Esto es lo que podemos hacer ante el bloqueo emocional:

  • Apártate de lo que lo haya activado: Es importante que, para poder activar el pensamiento y nuestros recursos nos alejemos de aquello que lo haya provocado, ya que su impacto seguirá sino en nosotros y nos mantendrá durante más tiempo en el bloqueo.

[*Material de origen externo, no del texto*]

(* Let $\mathbf A$ be a finite algebra. Then $\mathbf A\in\mathcal K_{\mathrm{poly}}$ if and only if every subalgebra $\mathbf B$ of $\mathbf A$ (including $\mathbf A$) is in $\mathcal K_{\mathrm{surj}}$.
   Context: Algebras are sets with operations interpreting a purely functional signature. For a finite algebra $\mathbf A$, $c_{\mathbf A}(n)$ is the maximum of $|\mathrm{Hom}(\mathbf X,\mathbf A)|$ over algebras $\mathbf X$ in the signature of $\mathbf A$ with at most $n$ elements, and $c^s_{\mathbf A}(n)$ is the maximum number of surjective homomorphisms $\mathbf X\to\mathbf A$ over such $\mathbf X$. $\mathcal K_{\mathrm{poly}}$ is the class of finite algebras $\mathbf A$ with $c_{\mathbf A}(n)\in O(n^k)$ for some $k$; $\mathcal K_{\mathrm{surj}}$ is the class of finite algebras with $c^s_{\mathbf A}(n)\in O(n^k)$ for some $k$. *)

theory Defs
  imports Main "HOL-Library.FuncSet" "HOL-Library.Landau_Symbols"
begin

text \<open>A signature is given by an arity function ar on a type 'f of operation symbols.
An algebra is a carrier set together with an interpretation of every symbol as a function
on argument lists; only argument lists of the right length with entries in the carrier matter.\<close>

definition is_alg :: "('f \<Rightarrow> nat) \<Rightarrow> 'a set \<Rightarrow> ('f \<Rightarrow> 'a list \<Rightarrow> 'a) \<Rightarrow> bool" where
  "is_alg ar A F \<longleftrightarrow>
     (\<forall>f xs. length xs = ar f \<and> set xs \<subseteq> A \<longrightarrow> F f xs \<in> A)"

text \<open>Homomorphisms, represented extensionally (undefined outside the carrier),
so that distinct homomorphisms are distinct HOL functions.\<close>
definition homs :: "('f \<Rightarrow> nat) \<Rightarrow> 'b set \<Rightarrow> ('f \<Rightarrow> 'b list \<Rightarrow> 'b)
                   \<Rightarrow> 'a set \<Rightarrow> ('f \<Rightarrow> 'a list \<Rightarrow> 'a) \<Rightarrow> ('b \<Rightarrow> 'a) set" where
  "homs ar X FX A FA =
     {h. h \<in> X \<rightarrow>\<^sub>E A \<and>
         (\<forall>f xs. length xs = ar f \<and> set xs \<subseteq> X \<longrightarrow> h (FX f xs) = FA f (map h xs))}"

definition surj_homs :: "('f \<Rightarrow> nat) \<Rightarrow> 'b set \<Rightarrow> ('f \<Rightarrow> 'b list \<Rightarrow> 'b)
                   \<Rightarrow> 'a set \<Rightarrow> ('f \<Rightarrow> 'a list \<Rightarrow> 'a) \<Rightarrow> ('b \<Rightarrow> 'a) set" where
  "surj_homs ar X FX A FA = {h \<in> homs ar X FX A FA. h ` X = A}"

text \<open>Every algebra with at most n elements is isomorphic to one whose
carrier is a finite set of natural numbers, so it suffices to range over those.\<close>
definition hom_count :: "('f \<Rightarrow> nat) \<Rightarrow> 'a set \<Rightarrow> ('f \<Rightarrow> 'a list \<Rightarrow> 'a) \<Rightarrow> nat \<Rightarrow> nat" where
  "hom_count ar A FA n =
     Sup {card (homs ar X FX A FA) | (X :: nat set) FX.
            finite X \<and> card X \<le> n \<and> is_alg ar X FX}"

definition surj_hom_count :: "('f \<Rightarrow> nat) \<Rightarrow> 'a set \<Rightarrow> ('f \<Rightarrow> 'a list \<Rightarrow> 'a) \<Rightarrow> nat \<Rightarrow> nat" where
  "surj_hom_count ar A FA n =
     Sup {card (surj_homs ar X FX A FA) | (X :: nat set) FX.
            finite X \<and> card X \<le> n \<and> is_alg ar X FX}"

definition K_poly :: "('f \<Rightarrow> nat) \<Rightarrow> 'a set \<Rightarrow> ('f \<Rightarrow> 'a list \<Rightarrow> 'a) \<Rightarrow> bool" where
  "K_poly ar A FA \<longleftrightarrow> finite A \<and> is_alg ar A FA \<and>
     (\<exists>k::nat. (\<lambda>n. real (hom_count ar A FA n)) \<in> O(\<lambda>n. real n ^ k))"

definition K_surj :: "('f \<Rightarrow> nat) \<Rightarrow> 'a set \<Rightarrow> ('f \<Rightarrow> 'a list \<Rightarrow> 'a) \<Rightarrow> bool" where
  "K_surj ar A FA \<longleftrightarrow> finite A \<and> is_alg ar A FA \<and>
     (\<exists>k::nat. (\<lambda>n. real (surj_hom_count ar A FA n)) \<in> O(\<lambda>n. real n ^ k))"

text \<open>Subuniverses: subsets closed under all operations. The subalgebra on B carries the
restriction of the operations of A (FA itself, which is only consulted on lists from B).\<close>
definition subuniverse :: "('f \<Rightarrow> nat) \<Rightarrow> 'a set \<Rightarrow> ('f \<Rightarrow> 'a list \<Rightarrow> 'a) \<Rightarrow> 'a set \<Rightarrow> bool" where
  "subuniverse ar A FA B \<longleftrightarrow> B \<subseteq> A \<and> is_alg ar B FA"

end

theory Submission
  imports Defs
begin

text \<open>Every homomorphism \<open>X \<rightarrow> A\<close> is a surjective homomorphism onto its image, which is a
subalgebra of \<open>A\<close>; since \<open>A\<close> has only finitely many subalgebras, \<open>c\<^sub>A(n) \<le> \<Sum>\<^sub>B c\<^sup>s\<^sub>B(n)\<close>.
Conversely a surjective homomorphism onto a subalgebra \<open>B\<close> is a homomorphism into \<open>A\<close>, so
\<open>c\<^sup>s\<^sub>B(n) \<le> c\<^sub>A(n)\<close>. Polynomial bounds are preserved under finite sums and under
pointwise smaller functions.\<close>

definition polynomially_bounded :: "(nat \<Rightarrow> nat) \<Rightarrow> bool" where
  "polynomially_bounded f \<longleftrightarrow> (\<exists>k. (\<lambda>n. real (f n)) \<in> O(\<lambda>n. real n ^ k))"

lemma K_poly_iff:
  "K_poly ar A FA \<longleftrightarrow> finite A \<and> is_alg ar A FA \<and> polynomially_bounded (hom_count ar A FA)"
  by (simp add: K_poly_def polynomially_bounded_def)

lemma K_surj_iff:
  "K_surj ar A FA \<longleftrightarrow> finite A \<and> is_alg ar A FA \<and> polynomially_bounded (surj_hom_count ar A FA)"
  by (simp add: K_surj_def polynomially_bounded_def)

lemma power_bigo_power:
  assumes "k \<le> l"
  shows "(\<lambda>n::nat. real n ^ k) \<in> O(\<lambda>n. real n ^ l)"
proof (rule bigoI[where c = 1])
  show "\<forall>\<^sub>F n in at_top. norm (real n ^ k) \<le> 1 * norm (real n ^ l)"
    using eventually_ge_at_top[of "1::nat"]
    by eventually_elim (use assms in \<open>auto intro: power_increasing\<close>)
qed

lemma polynomially_bounded_le:
  assumes "\<And>n. f n \<le> g n" and "polynomially_bounded g"
  shows "polynomially_bounded f"
proof -
  obtain k where "(\<lambda>n. real (g n)) \<in> O(\<lambda>n. real n ^ k)"
    using assms(2) unfolding polynomially_bounded_def by blast
  moreover have "(\<lambda>n. real (f n)) \<in> O(\<lambda>n. real (g n))"
    by (rule bigoI[where c = 1]) (simp add: assms(1))
  ultimately show ?thesis
    unfolding polynomially_bounded_def by (blast intro: landau_o.big_trans)
qed

lemma polynomially_bounded_add:
  assumes "polynomially_bounded f" and "polynomially_bounded g"
  shows "polynomially_bounded (\<lambda>n. f n + g n)"
proof -
  obtain k l where
    f: "(\<lambda>n. real (f n)) \<in> O(\<lambda>n. real n ^ k)" and
    g: "(\<lambda>n. real (g n)) \<in> O(\<lambda>n. real n ^ l)"
    using assms unfolding polynomially_bounded_def by blast
  have "(\<lambda>n. real (f n)) \<in> O(\<lambda>n. real n ^ max k l)"
    using f power_bigo_power[of k "max k l"] by (auto intro: landau_o.big_trans)
  moreover have "(\<lambda>n. real (g n)) \<in> O(\<lambda>n. real n ^ max k l)"
    using g power_bigo_power[of l "max k l"] by (auto intro: landau_o.big_trans)
  ultimately have "(\<lambda>n. real (f n) + real (g n)) \<in> O(\<lambda>n. real n ^ max k l)"
    by (rule sum_in_bigo)
  then show ?thesis
    unfolding polynomially_bounded_def by auto
qed

lemma polynomially_bounded_sum:
  assumes "finite S" and "\<And>B. B \<in> S \<Longrightarrow> polynomially_bounded (f B)"
  shows "polynomially_bounded (\<lambda>n. \<Sum>B\<in>S. f B n)"
  using assms
proof (induction S rule: finite_induct)
  case empty
  then show ?case
    unfolding polynomially_bounded_def by auto
next
  case (insert B S)
  then show ?case
    by (simp add: polynomially_bounded_add)
qed

lemma homs_subset_PiE: "homs ar X FX A FA \<subseteq> X \<rightarrow>\<^sub>E A"
  unfolding homs_def by blast

lemma surj_homs_subset_homs: "surj_homs ar X FX A FA \<subseteq> homs ar X FX A FA"
  unfolding surj_homs_def by blast

lemma homs_mono:
  assumes "B \<subseteq> A"
  shows "homs ar X FX B FA \<subseteq> homs ar X FX A FA"
  using assms unfolding homs_def by (auto simp: PiE_iff)

lemma finite_homs:
  assumes "finite X" and "finite A"
  shows "finite (homs ar X FX A FA)"
  using assms by (blast intro: finite_subset[OF homs_subset_PiE] finite_PiE)

lemma card_homs_le:
  assumes "finite X" and "finite A" and "card X \<le> n"
  shows "card (homs ar X FX A FA) \<le> (card A + 1) ^ n"
proof -
  have "card (homs ar X FX A FA) \<le> card (X \<rightarrow>\<^sub>E A)"
    using assms by (intro card_mono finite_PiE homs_subset_PiE)
  also have "\<dots> = card A ^ card X"
    using assms by (simp add: card_PiE)
  also have "\<dots> \<le> (card A + 1) ^ card X"
    by (intro power_mono) auto
  also have "\<dots> \<le> (card A + 1) ^ n"
    using assms(3) by (intro power_increasing) auto
  finally show ?thesis .
qed

lemma card_le_Sup_homs:
  fixes X :: "nat set"
  assumes "finite A" and G: "\<And>X FX. G X FX \<subseteq> homs ar X FX A FA"
    and "finite X" and "card X \<le> n" and "is_alg ar X FX"
  shows "card (G X FX) \<le>
    Sup {card (G X FX) | (X :: nat set) FX. finite X \<and> card X \<le> n \<and> is_alg ar X FX}"
proof (rule cSup_upper)
  show "bdd_above {card (G X FX) | (X :: nat set) FX. finite X \<and> card X \<le> n \<and> is_alg ar X FX}"
  proof (rule bdd_aboveI, safe)
    fix Y :: "nat set" and FY
    assume "finite Y" "card Y \<le> n"
    then have "card (G Y FY) \<le> card (homs ar Y FY A FA)"
      using assms(1) by (intro card_mono finite_homs G)
    also have "\<dots> \<le> (card A + 1) ^ n"
      using \<open>finite Y\<close> assms(1) \<open>card Y \<le> n\<close> by (rule card_homs_le)
    finally show "card (G Y FY) \<le> (card A + 1) ^ n" .
  qed
qed (use assms in blast)

lemma Sup_nat_least:
  assumes "\<And>x. x \<in> S \<Longrightarrow> x \<le> m"
  shows "Sup S \<le> (m :: nat)"
  using assms by (cases "S = {}") (auto intro: cSup_least)

lemma card_homs_le_hom_count:
  fixes X :: "nat set"
  assumes "finite A" and "finite X" and "card X \<le> n" and "is_alg ar X FX"
  shows "card (homs ar X FX A FA) \<le> hom_count ar A FA n"
  unfolding hom_count_def using assms by (intro card_le_Sup_homs) auto

lemma card_surj_homs_le_surj_hom_count:
  fixes X :: "nat set"
  assumes "finite A" and "finite X" and "card X \<le> n" and "is_alg ar X FX"
  shows "card (surj_homs ar X FX A FA) \<le> surj_hom_count ar A FA n"
  unfolding surj_hom_count_def using assms by (intro card_le_Sup_homs[OF _ surj_homs_subset_homs])

lemma hom_count_le:
  assumes "\<And>(X :: nat set) FX. finite X \<Longrightarrow> card X \<le> n \<Longrightarrow> is_alg ar X FX \<Longrightarrow>
    card (homs ar X FX A FA) \<le> m"
  shows "hom_count ar A FA n \<le> m"
  unfolding hom_count_def using assms by (intro Sup_nat_least) blast

lemma surj_hom_count_le:
  assumes "\<And>(X :: nat set) FX. finite X \<Longrightarrow> card X \<le> n \<Longrightarrow> is_alg ar X FX \<Longrightarrow>
    card (surj_homs ar X FX A FA) \<le> m"
  shows "surj_hom_count ar A FA n \<le> m"
  unfolding surj_hom_count_def using assms by (intro Sup_nat_least) blast

lemma subuniverse_hom_image:
  assumes "is_alg ar X FX" and h: "h \<in> homs ar X FX A FA"
  shows "subuniverse ar A FA (h ` X)"
  unfolding subuniverse_def is_alg_def
proof (intro conjI allI impI)
  show "h ` X \<subseteq> A"
    using h unfolding homs_def by auto
next
  fix f xs
  assume xs: "length xs = ar f \<and> set xs \<subseteq> h ` X"
  then have "xs \<in> lists (h ` X)"
    by auto
  then obtain ys where ys: "set ys \<subseteq> X" "xs = map h ys"
    by (auto simp: lists_image)
  with xs have "FA f xs = h (FX f ys)"
    using h unfolding homs_def by auto
  moreover have "FX f ys \<in> X"
    using assms(1) xs ys unfolding is_alg_def by auto
  ultimately show "FA f xs \<in> h ` X"
    by blast
qed

lemma homs_eq_UN_surj_homs:
  assumes "is_alg ar X FX"
  shows "homs ar X FX A FA = (\<Union>B \<in> {B. subuniverse ar A FA B}. surj_homs ar X FX B FA)"
proof
  show "homs ar X FX A FA \<subseteq> (\<Union>B \<in> {B. subuniverse ar A FA B}. surj_homs ar X FX B FA)"
  proof
    fix h
    assume h: "h \<in> homs ar X FX A FA"
    then have "h \<in> surj_homs ar X FX (h ` X) FA"
      unfolding surj_homs_def homs_def by (auto simp: PiE_iff)
    with subuniverse_hom_image[OF assms h]
    show "h \<in> (\<Union>B \<in> {B. subuniverse ar A FA B}. surj_homs ar X FX B FA)"
      by blast
  qed
next
  show "(\<Union>B \<in> {B. subuniverse ar A FA B}. surj_homs ar X FX B FA) \<subseteq> homs ar X FX A FA"
    using surj_homs_subset_homs homs_mono unfolding subuniverse_def by blast
qed

lemma finite_subuniverses:
  assumes "finite A"
  shows "finite {B. subuniverse ar A FA B}"
  using assms unfolding subuniverse_def by (auto intro: finite_subset[of _ "Pow A"])

lemma surj_hom_count_le_hom_count:
  assumes "finite A" and "B \<subseteq> A"
  shows "surj_hom_count ar B FA n \<le> hom_count ar A FA n"
proof (rule surj_hom_count_le)
  fix X :: "nat set" and FX
  assume X: "finite X" "card X \<le> n" "is_alg ar X FX"
  have "surj_homs ar X FX B FA \<subseteq> homs ar X FX A FA"
    using surj_homs_subset_homs homs_mono[OF assms(2)] by blast
  then have "card (surj_homs ar X FX B FA) \<le> card (homs ar X FX A FA)"
    using assms(1) X(1) by (intro card_mono finite_homs)
  also have "\<dots> \<le> hom_count ar A FA n"
    using assms(1) X by (rule card_homs_le_hom_count)
  finally show "card (surj_homs ar X FX B FA) \<le> hom_count ar A FA n" .
qed

lemma hom_count_le_sum_surj_hom_count:
  assumes "finite A"
  shows "hom_count ar A FA n \<le> (\<Sum>B | subuniverse ar A FA B. surj_hom_count ar B FA n)"
proof (rule hom_count_le)
  fix X :: "nat set" and FX
  assume X: "finite X" "card X \<le> n" "is_alg ar X FX"
  let ?S = "{B. subuniverse ar A FA B}"
  have "card (homs ar X FX A FA) = card (\<Union>B \<in> ?S. surj_homs ar X FX B FA)"
    using X(3) by (simp only: homs_eq_UN_surj_homs)
  also have "\<dots> \<le> (\<Sum>B \<in> ?S. card (surj_homs ar X FX B FA))"
    using assms by (intro card_UN_le finite_subuniverses)
  also have "\<dots> \<le> (\<Sum>B \<in> ?S. surj_hom_count ar B FA n)"
  proof (rule sum_mono)
    fix B
    assume "B \<in> ?S"
    then have "finite B"
      using assms unfolding subuniverse_def by (auto intro: finite_subset)
    then show "card (surj_homs ar X FX B FA) \<le> surj_hom_count ar B FA n"
      using X by (rule card_surj_homs_le_surj_hom_count)
  qed
  finally show "card (homs ar X FX A FA) \<le> (\<Sum>B \<in> ?S. surj_hom_count ar B FA n)" .
qed

theorem proposition2p1:
  fixes ar :: "'f \<Rightarrow> nat" and A :: "'a set" and FA :: "'f \<Rightarrow> 'a list \<Rightarrow> 'a"
  assumes "finite A" and "is_alg ar A FA"
  shows "K_poly ar A FA \<longleftrightarrow> (\<forall>B. subuniverse ar A FA B \<longrightarrow> K_surj ar B FA)"
proof
  assume "K_poly ar A FA"
  then have bounded: "polynomially_bounded (hom_count ar A FA)"
    by (simp add: K_poly_iff)
  show "\<forall>B. subuniverse ar A FA B \<longrightarrow> K_surj ar B FA"
  proof (intro allI impI)
    fix B
    assume "subuniverse ar A FA B"
    then have "B \<subseteq> A" and "is_alg ar B FA"
      unfolding subuniverse_def by auto
    with assms(1) bounded show "K_surj ar B FA"
      unfolding K_surj_iff
      by (auto intro: finite_subset polynomially_bounded_le surj_hom_count_le_hom_count)
  qed
next
  assume "\<forall>B. subuniverse ar A FA B \<longrightarrow> K_surj ar B FA"
  then have "polynomially_bounded (\<lambda>n. \<Sum>B | subuniverse ar A FA B. surj_hom_count ar B FA n)"
    using assms(1) by (intro polynomially_bounded_sum finite_subuniverses) (simp_all add: K_surj_iff)
  then have "polynomially_bounded (hom_count ar A FA)"
    by (rule polynomially_bounded_le[OF hom_count_le_sum_surj_hom_count[OF assms(1)]])
  with assms show "K_poly ar A FA"
    by (simp add: K_poly_iff)
qed

end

  • Analiza lo que sientes: una vez que te encuentres en otro espacio, analiza qué estás sintiendo. Sobre todo, busca ver si sientes algo relacionado con el miedo, la tristeza o la rabia en sus diferentes grados o variaciones.
  • Analiza la situación: ¿Qué tipo de situación estás viviendo? Para ver cómo afrontarlo, es importante saber categorizar lo que tenemos delante. ¿Es una amenaza a nuestra seguridad física o emocional? ¿Es una pérdida? ¿O tal vez es una injusticia o una agresión?
  • Coherencia entre la situación y mi emoción: Uno de los mayores bloqueos viene al activarse en nosotros emociones que, de acuerdo a la situación que estamos viviendo, son disfuncionales. Si lo que estoy viviendo es una amenaza a mi seguridad, el miedo sería la emoción más constructiva. Para las pérdidas lo sería la tristeza y para las injusticias o agresiones la rabia. Veo si estoy en una situación de disfunción.
  • No cambio lo que siento, solo ejecuto: Independientemente de lo que yo esté sintiendo, debo actuar en base a la situación en la que estoy. Por tanto, ante una situación de amenaza, deberé poner límites que me protejan y restablezcan mi seguridad. Ante una pérdida, deberé buscar todas las soluciones y alternativas posibles. Y ante una injusticia o una agresión, deberé cortar y buscar que todo sea justo.

Analizar las situaciones, ver qué estoy sintiendo y actuar de forma coherente con lo que la situación me exige es una buena forma de empezar a superar el bloqueo emocional. Es cuestión de irlo aplicando a lo largo del tiempo, aprendiendo de los errores y tratándonos en todo el proceso sin juicio ni crítica.